▶ TASK REQUIREMENTS
From the records below, please return each line that holds the word "auto".

▶ DATA SUPPLIED
---+---

lemma biclique_extension:
  assumes "finite V" "induces_complete_bipartite V E T"
  obtains S where "is_biclique V E S" "T \<subseteq> S"
proof -
  define A where "A = {U. induces_complete_bipartite V E U \<and> T \<subseteq> U}"
  have "A \<subseteq> Pow V"
    unfolding A_def induces_complete_bipartite_def by blast
  then have "finite A"
    using assms(1) finite_subset by blast
  moreover have "T \<in> A"
    unfolding A_def using assms(2) by simp
  ultimately obtain S where S: "S \<in> A" "\<And>U. U \<in> A \<Longrightarrow> S \<subseteq> U \<Longrightarrow> S = U"
    using finite_has_maximal[of A] by blast
  have "is_biclique V E S"
    unfolding is_biclique_def using S unfolding A_def by blast
  with S(1) that show thesis
    unfolding A_def by blast
qed

lemma star_in_biclique:
  assumes G: "simple_graph V E"
    and "Y \<noteq> {}" "\<forall>y\<in>Y. (x, y) \<in> E" "\<forall>y\<in>Y. \<forall>y'\<in>Y. (y, y') \<notin> E"
  obtains D where "is_biclique V E D" "insert x Y \<subseteq> D"
proof -
  have "complete_bipartition E {x} Y"
    unfolding complete_bipartition_def using assms simple_graphD(6)[OF G] by blast
  moreover have "insert x Y \<subseteq> V"
    using assms simple_graphD(4,5)[OF G] by blast
  ultimately have "induces_complete_bipartite V E (insert x Y)"
    unfolding induces_complete_bipartite_iff by blast
  with biclique_extension simple_graphD(1)[OF G] that show thesis by blast
qed

lemma edge_in_biclique:
  assumes G: "simple_graph V E" and "(x, y) \<in> E"
  obtains D where "is_biclique V E D" "x \<in> D" "y \<in> D"
proof -
  have "\<forall>u\<in>{y}. \<forall>u'\<in>{y}. (u, u') \<notin> E"
    using simple_graphD(6)[OF G] by blast
  moreover have "\<forall>u\<in>{y}. (x, u) \<in> E"
    using assms(2) by blast
  ultimately obtain D where "is_biclique V E D" "insert x {y} \<subseteq> D"
    using star_in_biclique[OF G, of "{y}" x] by blast
  then show thesis using that by blast
qed

lemma biclique_sides_nested:
  assumes G: "simple_graph V E"
    and only: "\<And>D. is_biclique V E D \<Longrightarrow> D \<inter> B \<noteq> {} \<Longrightarrow> D \<inter> B' \<noteq> {} \<Longrightarrow> D = B \<or> D = B'"
    and XY: "complete_bipartition E X Y" "X \<union> Y = B"
    and XY': "complete_bipartition E X' Y'" "X' \<union> Y' = B'"
    and x: "x \<in> X" "x \<in> X'"
  shows "Y \<subseteq> Y' \<or> Y' \<subseteq> Y"
proof (rule ccontr)
  assume "\<not> (Y \<subseteq> Y' \<or> Y' \<subseteq> Y)"
  then obtain y z where yz: "y \<in> Y" "y \<notin> Y'" "z \<in> Y'" "z \<notin> Y" by blast
  have xy: "(x, y) \<in> E" and xz: "(x, z) \<in> E"
    using complete_bipartitionD(1)[OF XY(1) x(1) yz(1)] complete_bipartitionD(1)[OF XY'(1) x(2) yz(3)]
    by auto
  obtain D where D: "is_biclique V E D" "y \<in> D" "z \<in> D"
  proof (cases "(y, z) \<in> E")
    case True
    then show thesis using edge_in_biclique[OF G] that by blast
  next
    case False
    then have "\<forall>u\<in>{y, z}. \<forall>u'\<in>{y, z}. (u, u') \<notin> E"
      using simple_graphD(3,6)[OF G] by blast
    moreover have "\<forall>u\<in>{y, z}. (x, u) \<in> E"
      using xy xz by blast
    ultimately obtain D where "is_biclique V E D" "insert x {y, z} \<subseteq> D"
      using star_in_biclique[OF G, of "{y, z}" x] by blast
    then show thesis using that by blast
  qed
  have "z \<notin> B" using complete_bipartitionD(2)[OF XY(1) x(1)] xz yz(4) XY(2) by blast
  moreover have "y \<notin> B'" using complete_bipartitionD(2)[OF XY'(1) x(2)] xy yz(2) XY'(2) by blast
  moreover have "D = B \<or> D = B'"
    using only[OF D(1)] D(2,3) yz(1,3) XY(2) XY'(2) by blast
  ultimately show False using D(2,3) by blast
qed

lemma no_private_biclique:
  assumes G: "simple_graph V E"
    and only: "\<And>D. is_biclique V E D \<Longrightarrow> D \<inter> B \<noteq> {} \<Longrightarrow> D \<inter> B' \<noteq> {} \<Longrightarrow> D = B \<or> D = B'"
    and B: "is_biclique V E B" "complete_bipartition E X Y" "X \<union> Y = B" "Y \<subseteq> B'"
    and C: "is_biclique V E C" "C \<inter> B \<noteq> {}" "C \<inter> B' = {}"
  shows False
proof -
  obtain w where w: "w \<in> C" "w \<in> B" using C by blast
  then have wX: "w \<in> X" using B(3,4) C(3) by blast
  obtain P Q where PQ: "complete_bipartition E P Q" "P \<union> Q = C" "w \<in> P"
    using C(1) w(1) simple_graphD(2)[OF G] induces_complete_bipartite_side
    unfolding is_biclique_def by metis
  obtain u where u: "u \<in> C" "(w, u) \<in> E"
    using PQ complete_bipartitionD(1) unfolding complete_bipartition_def by blast
  have uB': "u \<notin> B'" using u(1) C(3) by blast
  have uB: "u \<notin> B" using complete_bipartitionD(2)[OF B(2) wX] u(2) uB' B(3,4) by blast
  \<comment> \<open>an edge from \<open>u\<close> to \<open>Y \<subseteq> B \<inter> B'\<close> would lie in a biclique meeting both \<open>B\<close> and \<open>B'\<close>\<close>
  have uY: "(u, y) \<notin> E" if "y \<in> Y" for y
  proof
    assume "(u, y) \<in> E"
    then obtain D where "is_biclique V E D" "u \<in> D" "y \<in> D"
      using edge_in_biclique[OF G] by blast
    with only that B(3,4) uB uB' show False by blast
  qed
  have "\<forall>v\<in>insert u Y. \<forall>v'\<in>insert u Y. (v, v') \<notin> E"
    using uY complete_bipartitionD(3)[OF B(2)] simple_graphD(3,6)[OF G] by blast
  moreover have "\<forall>v\<in>insert u Y. (w, v) \<in> E"
    using u(2) complete_bipartitionD(1)[OF B(2) wX] by blast
  ultimately obtain D where D: "is_biclique V E D" "insert w (insert u Y) \<subseteq> D"
    using star_in_biclique[OF G, of "insert u Y" w] by blast
  obtain y where "y \<in> Y" using B(2) unfolding complete_bipartition_def by blast
  then have "D = B \<or> D = B'" using only[OF D(1)] D(2) B(3,4) by blast
  then show False using D(2) uB uB' by blast
qed

lemma no_private_bicliques:
  assumes G: "simple_graph V E"
    and B: "is_biclique V E B" "is_biclique V E B'" "B \<inter> B' \<noteq> {}"
    and only: "\<And>D. is_biclique V E D \<Longrightarrow> D \<inter> B \<noteq> {} \<Longrightarrow> D \<inter> B' \<noteq> {} \<Longrightarrow> D = B \<or> D = B'"
    and C: "is_biclique V E C" "C \<inter> B \<noteq> {}" "C \<inter> B' = {}"
    and C': "is_biclique V E C'" "C' \<inter> B' \<noteq> {}" "C' \<inter> B = {}"
  shows False
proof -
  obtain x where x: "x \<in> B" "x \<in> B'" using B(3) by blast
  obtain X Y where XY: "complete_bipartition E X Y" "X \<union> Y = B" "x \<in> X"
    using B(1) x(1) simple_graphD(2)[OF G] induces_complete_bipartite_side
    unfolding is_biclique_def by metis
  obtain X' Y' where XY': "complete_bipartition E X' Y'" "X' \<union> Y' = B'" "x \<in> X'"
    using B(2) x(2) simple_graphD(2)[OF G] induces_complete_bipartite_side
    unfolding is_biclique_def by metis
  have only': "\<And>D. is_biclique V E D \<Longrightarrow> D \<inter> B' \<noteq> {} \<Longrightarrow> D \<inter> B \<noteq> {} \<Longrightarrow> D = B' \<or> D = B"
    using only by blast
  from biclique_sides_nested[OF G only XY(1,2) XY'(1,2) XY(3) XY'(3)]
  show False
  proof
    assume "Y \<subseteq> Y'"
    with no_private_biclique[OF G only B(1) XY(1,2) _ C] XY'(2) show False by blast
  next
    assume "Y' \<subseteq> Y"
    with no_private_biclique[OF G only' B(2) XY'(1,2) _ C'] XY(2) show False by blast
  qed
qed

lemma biclique_graph_pendant_edge:
  assumes "is_biclique_graph V E" "u \<in> V" "v \<in> V" "(u, v) \<in> E"
    and no_common: "\<not> (\<exists>w\<in>V. (u, w) \<in> E \<and> (v, w) \<in> E)"
  shows "{w \<in> V. (u, w) \<in> E} \<subseteq> {v} \<or> {w \<in> V. (v, w) \<in> E} \<subseteq> {u}"
proof (rule ccontr)
  assume "\<not> ?thesis"
  then obtain c d where c: "c \<in> V" "(u, c) \<in> E" "c \<noteq> v" and d: "d \<in> V" "(v, d) \<in> E" "d \<noteq> u"
    by blast
  obtain VH :: "nat set" and EH f where G: "simple_graph VH EH"
    and f: "bij_betw f (bicliques VH EH) V"
    and f_edges: "\<forall>U\<in>bicliques VH EH. \<forall>W\<in>bicliques VH EH. (U, W) \<in> KB_edges VH EH \<longleftrightarrow> (f U, f W) \<in> E"
    using assms(1) unfolding is_biclique_graph_def graph_iso_def by blast
  have adj: "(f U, f W) \<in> E \<longleftrightarrow> U \<noteq> W \<and> U \<inter> W \<noteq> {}"
    if "is_biclique VH EH U" "is_biclique VH EH W" for U W
    using f_edges that unfolding KB_edges_def bicliques_def by auto
  have preimage: "\<exists>U. is_biclique VH EH U \<and> w = f U" if "w \<in> V" for w
    using f that unfolding bij_betw_def bicliques_def by blast
  obtain B B' C C' where B: "is_biclique VH EH B" "u = f B" and B': "is_biclique VH EH B'" "v = f B'"
    and C: "is_biclique VH EH C" "c = f C" and C': "is_biclique VH EH C'" "d = f C'"
    using preimage assms(2,3) c(1) d(1) by metis
  have image: "f D \<in> V" if "is_biclique VH EH D" for D
    using f that unfolding bij_betw_def bicliques_def by blast
  have only: "D = B \<or> D = B'"
    if "is_biclique VH EH D" "D \<inter> B \<noteq> {}" "D \<inter> B' \<noteq> {}" for D
    using no_common adj[OF B(1) that(1)] adj[OF B'(1) that(1)] image[OF that(1)] that(2,3) B(2) B'(2)
    by blast
  show False
  proof (rule no_private_bicliques[OF G B(1) B'(1) _ only C(1) _ _ C'(1)])
    show "B \<inter> B' \<noteq> {}" "C \<inter> B \<noteq> {}" "C' \<inter> B' \<noteq> {}"
      using adj B B' C C' assms(4) c(2) d(2) by blast+
    show "C \<inter> B' = {}" "C' \<inter> B = {}"
      using adj B B' C C' no_common c d assms(2,3) by blast+
  qed
qed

---+---

▶ EXPECTED ANSWER
    by auto
    using f_edges that unfolding KB_edges_def bicliques_def by auto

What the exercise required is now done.